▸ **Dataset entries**

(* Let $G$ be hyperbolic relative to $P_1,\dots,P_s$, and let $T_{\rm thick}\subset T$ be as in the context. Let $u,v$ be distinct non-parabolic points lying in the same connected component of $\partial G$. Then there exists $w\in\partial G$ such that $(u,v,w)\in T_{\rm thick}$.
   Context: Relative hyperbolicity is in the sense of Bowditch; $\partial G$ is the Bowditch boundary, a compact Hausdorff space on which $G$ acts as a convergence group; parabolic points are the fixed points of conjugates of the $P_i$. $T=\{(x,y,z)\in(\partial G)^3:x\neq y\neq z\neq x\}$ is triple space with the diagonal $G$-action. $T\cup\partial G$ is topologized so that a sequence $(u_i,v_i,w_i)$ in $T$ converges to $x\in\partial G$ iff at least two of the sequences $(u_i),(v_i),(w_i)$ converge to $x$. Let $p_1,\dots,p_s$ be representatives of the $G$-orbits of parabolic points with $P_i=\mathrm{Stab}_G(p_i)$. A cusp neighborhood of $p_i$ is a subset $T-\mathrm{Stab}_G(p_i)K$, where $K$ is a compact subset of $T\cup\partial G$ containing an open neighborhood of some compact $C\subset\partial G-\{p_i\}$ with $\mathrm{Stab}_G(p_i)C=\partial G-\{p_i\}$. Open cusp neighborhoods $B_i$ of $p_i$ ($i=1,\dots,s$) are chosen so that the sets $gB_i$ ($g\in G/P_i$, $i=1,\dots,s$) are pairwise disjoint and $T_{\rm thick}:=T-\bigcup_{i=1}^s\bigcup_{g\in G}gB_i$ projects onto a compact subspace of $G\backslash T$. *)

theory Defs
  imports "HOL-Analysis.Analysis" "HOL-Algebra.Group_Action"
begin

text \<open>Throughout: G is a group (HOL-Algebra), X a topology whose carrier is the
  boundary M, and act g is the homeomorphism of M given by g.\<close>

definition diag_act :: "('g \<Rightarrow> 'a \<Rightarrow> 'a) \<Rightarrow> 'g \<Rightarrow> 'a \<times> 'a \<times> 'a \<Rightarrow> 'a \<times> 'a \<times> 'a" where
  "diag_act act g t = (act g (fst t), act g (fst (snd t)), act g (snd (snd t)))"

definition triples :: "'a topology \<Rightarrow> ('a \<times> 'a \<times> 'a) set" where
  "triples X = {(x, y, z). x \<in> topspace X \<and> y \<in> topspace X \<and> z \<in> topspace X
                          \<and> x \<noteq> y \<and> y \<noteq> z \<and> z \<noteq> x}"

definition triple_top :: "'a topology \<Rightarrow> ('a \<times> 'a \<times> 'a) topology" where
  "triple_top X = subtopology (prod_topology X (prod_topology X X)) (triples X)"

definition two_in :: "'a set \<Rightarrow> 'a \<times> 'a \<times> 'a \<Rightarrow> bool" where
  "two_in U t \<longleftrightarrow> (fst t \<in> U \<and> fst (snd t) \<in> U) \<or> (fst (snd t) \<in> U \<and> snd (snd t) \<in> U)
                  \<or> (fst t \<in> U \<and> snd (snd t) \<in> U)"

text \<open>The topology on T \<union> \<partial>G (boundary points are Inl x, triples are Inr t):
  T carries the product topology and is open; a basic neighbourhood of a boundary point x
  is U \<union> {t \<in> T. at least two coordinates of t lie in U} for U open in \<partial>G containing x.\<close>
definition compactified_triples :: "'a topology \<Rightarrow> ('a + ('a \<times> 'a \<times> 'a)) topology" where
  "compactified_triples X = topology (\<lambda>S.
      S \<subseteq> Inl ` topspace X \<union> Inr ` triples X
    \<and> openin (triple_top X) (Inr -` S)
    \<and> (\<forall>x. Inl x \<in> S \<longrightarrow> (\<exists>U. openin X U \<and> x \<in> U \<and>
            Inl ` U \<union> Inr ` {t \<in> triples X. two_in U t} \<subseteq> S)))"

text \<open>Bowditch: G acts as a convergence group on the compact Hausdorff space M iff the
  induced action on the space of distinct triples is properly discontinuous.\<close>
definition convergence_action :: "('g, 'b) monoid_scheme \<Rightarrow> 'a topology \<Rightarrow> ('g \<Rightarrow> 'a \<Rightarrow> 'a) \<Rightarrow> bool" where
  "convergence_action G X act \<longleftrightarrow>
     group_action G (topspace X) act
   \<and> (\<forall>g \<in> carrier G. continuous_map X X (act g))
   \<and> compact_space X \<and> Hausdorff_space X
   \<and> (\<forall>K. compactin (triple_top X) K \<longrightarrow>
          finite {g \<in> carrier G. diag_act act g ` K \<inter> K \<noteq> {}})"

▸ **Work order**
Go through the entries above and pull out each line with "carrier" in it.

▸ **Reply**
text \<open>Throughout: G is a group (HOL-Algebra), X a topology whose carrier is the
   \<and> (\<forall>g \<in> carrier G. continuous_map X X (act g))
          finite {g \<in> carrier G. diag_act act g ` K \<inter> K \<noteq> {}})"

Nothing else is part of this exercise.